Classifier Accuracy



Hello everybody,

I’m doing approach with the CPA Classifier. The approach is
that I stain PBMCs with T-cell, B-cell, and monocyte. Imaging the cells with
four colors (Hoechst, and colors for the markers of the three mentioned
populations). Then I run a CellProfiller analysis to measure maximum possible number
of features for the objects. After that I go to the classifier to classify me
cells according to staining into four population; T-cell, B-cell, Monocyte, and
Negative (for the rest of unstained PBMCs population. After I’ve trained the
software, I ask the classifier to classify my cells according to nuclear
feature into the four mentioned classes.

My Problem is that the accuracy of the classifier is not enough
(around 60%). I tried to increase the rule and or the examples, but in vain.

Does any one has a clue or an suggestion to improve the
accuracy of classification



Can you upload your pipeline and your properties file? Thanks.


You’re not actually measuring anything in your cells, just in your nuclei- depending on if your markers are nuclear or cytoplasmic, the nuclear values might not be capturing all the information. Unless there’s a good reason why you can’t, I’d add “Cells” to all of the measurement modules you’re using.

Other than that, play with different classifier types and keep an eye on your confusion matrices- it may be that given the stains you have in the cells you have, you may only be able to correctly classify certain types (ie Negative is generally sorted correctly but the other 3 are usually confused), and you may need to adjust your future experiments accordingly.


Hi Ahmed,

I do not know what did you mean by ‘’ I’d add “Cells” to all of the measurement modules you’re using.’’. I have only Hoechst staining and CD markers staining for phenotype detection.
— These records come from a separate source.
(* Let $0<i_1<i_2<\cdots<i_L$ be integers and let $\mathcal S=\{x_0,x_{i_1},\ldots,x_{i_L}\}$, with associated restricted right-arm rotation distance $d_{RRA}^{\mathcal S}$ (rotations allowed only at the nodes at levels $0,i_1,\ldots,i_L$ on the right arm). Let $T_1,T_2$ be finite rooted binary trees with the same number of nodes such that $(T_1,T_2)$ is a reduced tree pair diagram, and let the word associated to $(T_1,T_2)$ (its unique normal form) be $x_{a_1}^{r_1}\cdots x_{a_k}^{r_k}x_{b_l}^{-s_l}\cdots x_{b_1}^{-s_1}$. If some $x_t^{\pm1}$ with $1\le t\le i_1-1$ appears in this normal form, then $d_{RRA}^{\mathcal S}(T_1,T_2)$ is not defined. Conversely, if no $x_t^{\pm1}$ with $1\le t\le i_1-1$ appears in this normal form, then $d_{RRA}^{\mathcal S}(T_1,T_2)$ is defined.
   Context: Trees: all trees are finite rooted binary trees in which each internal vertex (node) has a left and a right child; childless vertices are leaves. A tree with $n$ nodes has $n+1$ leaves, numbered $0,1,\ldots,n$ from left to right. The right arm (right side) of a tree consists of the root together with all nodes reachable from the root by a path consisting only of right edges. The level of a node is the number of edges on the path from it to the root. An exposed caret is a node both of whose children are leaves; its leaves $i,i+1$ form a sibling pair. Rotations: if $N$ is a node whose left child $M$ is a node, with $A,B$ the left and right subtrees of $M$ and $C$ the right subtree of $N$, right rotation at $N$ replaces the subtree at $N$ by a tree whose root has left subtree $A$ and whose right child is a node with left subtree $B$ and right subtree $C$; left rotation at $N$ is the inverse operation (possible only when the right child of $N$ is a node). Rotations preserve the number of nodes. Thompson's group $F=\langle x_0,x_1,\ldots\mid x_i^{-1}x_nx_i=x_{n+1}\ (i<n)\rangle$; its elements have normal forms $x_{a_1}^{r_1}\cdots x_{a_k}^{r_k}x_{b_l}^{-s_l}\cdots x_{b_1}^{-s_1}$ ($r_i,s_i>0$, $a_1<\cdots<a_k$, $b_1<\cdots<b_l$), unique if whenever both $x_i$ and $x_i^{-1}$ occur so does $x_{i+1}^{\pm1}$. Tree pair diagrams: a pair $(T_1,T_2)$ of trees with the same number $n$ of nodes. The leaf exponent of leaf $k$ in a tree is the length of the longest path of left edges going upward from leaf $k$ none of whose vertices lies on the right arm. The word associated to $(T_1,T_2)$ is $x_0^{f_0}x_1^{f_1}\cdots x_n^{f_n}x_n^{-e_n}\cdots x_1^{-e_1}x_0^{-e_0}$, where $e_i$ (resp. $f_i$) is the leaf exponent of leaf $i$ in $T_1$ (resp. $T_2$); $(T_1,T_2)$ represents the element of $F$ given by this word. The diagram is reduced if there is no $i$ such that leaves $i,i+1$ form a sibling pair in both $T_1$ and $T_2$; for a reduced diagram the associated word is the unique normal form. Restricted right-arm rotation distance: for $\mathcal S=\{x_0,x_{i_1},\ldots,x_{i_L}\}$ and trees $T_1,T_2$ with the same number of nodes, $d_{RRA}^{\mathcal S}(T_1,T_2)$ is the minimal number of (left or right) rotations, each performed at a node on the right arm at one of the levels $0,i_1,\ldots,i_L$, needed to transform $T_1$ into $T_2$; it is said to be defined when some such sequence of rotations exists. *)

theory Defs
  imports Main
begin

datatype tree = Leaf | Node tree tree

fun num_nodes :: "tree \<Rightarrow> nat" where
  "num_nodes Leaf = 0"
| "num_nodes (Node l r) = Suc (num_nodes l + num_nodes r)"

text \<open>Vertices are addressed by their path from the root (False = left edge, True = right edge).
  The leaves, listed from left to right (leaf 0, leaf 1, ...).\<close>
fun leaves :: "tree \<Rightarrow> bool list list" where
  "leaves Leaf = [[]]"
| "leaves (Node l r) = map (Cons False) (leaves l) @ map (Cons True) (leaves r)"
You have a module in your pipeline that takes your “Nuclei” objects and expands them out a bit to create objects you called “Cells”, but in your downstream measurement modules you are only measuring the shape, size, and intensity in your CD channels of the “Nuclei” but not the “Cells”- my suggestion would be to measure BOTH the shape, size, intensity of “Nuclei” and “Cells”, as it may give the classifier enough extra information to be more accurate at categorizing the PBMCs into subtypes.

You can also consider adding additional types of measurements, such as the “MeasureCorrelation” and “MeasureGranularity” modules.
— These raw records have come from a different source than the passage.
lemma D_minus_gen_eigenspace_surj:
  assumes "b \<noteq> c" "x \<in> gen_eigenspace b"
  shows "\<exists>y\<in>gen_eigenspace b. D_minus c y = x"
proof -
  have inj: "inj_on (D_minus c) (span (gen_eigenspace b))"
  proof (rule inj_onI)
    fix y z assume yz: "y \<in> span (gen_eigenspace b)" "z \<in> span (gen_eigenspace b)"
      "D_minus c y = D_minus c z"
    have "y - z \<in> gen_eigenspace b"
      using yz(1,2) subspace_gen_eigenspace by (simp add: span_eq_iff[THEN iffD2] subspace_diff)
    moreover have "D_minus c (y - z) = 0" using yz(3) by (simp add: linear_diff[OF linear_D_minus])
    ultimately show "y = z" using D_minus_gen_eigenspace_eq_0[OF assms(1)] by fastforce
  qed
  have "D_minus c ` gen_eigenspace b = gen_eigenspace b"
  proof (rule subspace_dim_equal)
    show "D_minus c ` gen_eigenspace b \<subseteq> gen_eigenspace b"
      using D_minus_gen_eigenspace by blast
    show "dim (gen_eigenspace b) \<le> dim (D_minus c ` gen_eigenspace b)"
      using dim_image_eq[OF linear_D_minus inj] by simp
  qed (simp_all add: linear_subspace_image[OF linear_D_minus] subspace_gen_eigenspace)
  then have "x \<in> D_minus c ` gen_eigenspace b" using assms(2) by simp
  then show ?thesis by blast
qed

lemma D_minus_preimage_span_gen_eigenspaces:
  assumes "D_minus c w \<in> span (\<Union>b. gen_eigenspace b)"
  shows "w \<in> span (\<Union>b. gen_eigenspace b)"
proof -
  let ?S = "span (\<Union>b. gen_eigenspace b)"
  define Q where "Q = {x + y |x y. x \<in> D_minus c ` ?S \<and> y \<in> gen_eigenspace c}"
  have "subspace Q"
    unfolding Q_def by (intro subspace_sums linear_subspace_image[OF linear_D_minus]
        subspace_span subspace_gen_eigenspace)
  moreover have "gen_eigenspace b \<subseteq> Q" for b
  proof
    fix u assume u: "u \<in> gen_eigenspace b"
    show "u \<in> Q"
    proof (cases "b = c")
      case True
      have "D_minus c 0 + u \<in> Q"
        unfolding Q_def using u True span_zero by blast
      then show ?thesis by (simp add: linear_0[OF linear_D_minus])
    next
      case False
      then obtain y where "y \<in> gen_eigenspace b" "D_minus c y = u"
        using D_minus_gen_eigenspace_surj u by blast
      then have "u + 0 \<in> Q"
        unfolding Q_def using subspace_0[OF subspace_gen_eigenspace] by (blast intro: span_base)
      then show ?thesis by simp
    qed
  qed
  ultimately have "?S \<subseteq> Q" by (intro span_minimal) auto
  then obtain y v where y: "y \<in> ?S" "v \<in> gen_eigenspace c" "D_minus c w = D_minus c y + v"
    using assms unfolding Q_def by blast
  then have "D_minus c (w - y) \<in> gen_eigenspace c" by (simp add: linear_diff[OF linear_D_minus])
  then obtain n where "(D_minus c ^^ n) (D_minus c (w - y)) = 0"
    unfolding gen_eigenspace_def gen_kernel_def by auto
  then have "(D_minus c ^^ Suc n) (w - y) = 0" by (simp add: funpow_Suc_right del: funpow.simps)
  then have "w - y \<in> ?S" unfolding gen_eigenspace_def gen_kernel_def by (blast intro: span_base)
  then show ?thesis using span_add[OF _ y(1)] by fastforce
qed

definition poly_Dc :: "complex poly \<Rightarrow> 'a \<times> 'a \<Rightarrow> 'a \<times> 'a" where
  "poly_Dc p = fold_coeffs (\<lambda>a f w. complex_scale a w + Dc (f w)) p (\<lambda>w. 0)"

lemma poly_Dc_0 [simp]: "poly_Dc 0 w = 0"
  by (simp add: poly_Dc_def)

lemma poly_Dc_pCons: "poly_Dc (pCons a p) w = complex_scale a w + Dc (poly_Dc p w)"
  by (cases "p = 0 \<and> a = 0") (auto simp: poly_Dc_def)

lemma linear_poly_Dc: "linear (poly_Dc p)"
proof (induction p)
  case 0
  have "poly_Dc 0 = (\<lambda>w. 0)" by auto
  then show ?case by (simp add: linear_zero)
next
  case (pCons a p)
  have "poly_Dc (pCons a p) = (\<lambda>w. complex_scale a w + (Dc \<circ> poly_Dc p) w)"
    by (auto simp: poly_Dc_pCons)
  then show ?case
    using linear_compose_add[OF linear_complex_scale linear_compose[OF pCons.IH linear_Dc]] by simp
qed

lemma poly_Dc_add: "poly_Dc (p + q) w = poly_Dc p w + poly_Dc q w"
proof (induction p q rule: poly_induct2)
  case (pCons a p b q)
  then show ?case
    by (simp add: poly_Dc_pCons complex_scale_add linear_add[OF linear_Dc] algebra_simps)
qed simp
I’d also double check your segmentation results- if the segmentation isn’t great it might explain a bad classification. You may want to consider adding a SaveImages module to your pipeline to save the outlines of your segmented Nuclei; if you enable the “Record path information” box you’ll be able to see the outlines in Analyst while you’re classifying the cells, which’ll give you a hint as to whether there are segmentation issues or not.

Even if you do all of this though, if your segmentation isn’t good enough or if the differences just aren’t clear enough there’s no guarantee that you will be able to train a classifier that gets very high accuracy on all of your 4 subpopulations. That’s why I mentioned in my last post that you should attempt to figure out if there are certain classes that are being identified particularly poorly and then trying to think about if there’s a marker or something you could add to your experiment to help enhance your ability to detect them next time.


Hi Bcimini

Not sure if I got all your suggetion because I started to use CellProfiller just reacently. But I will try to work on them. Thanks a million for the nice support.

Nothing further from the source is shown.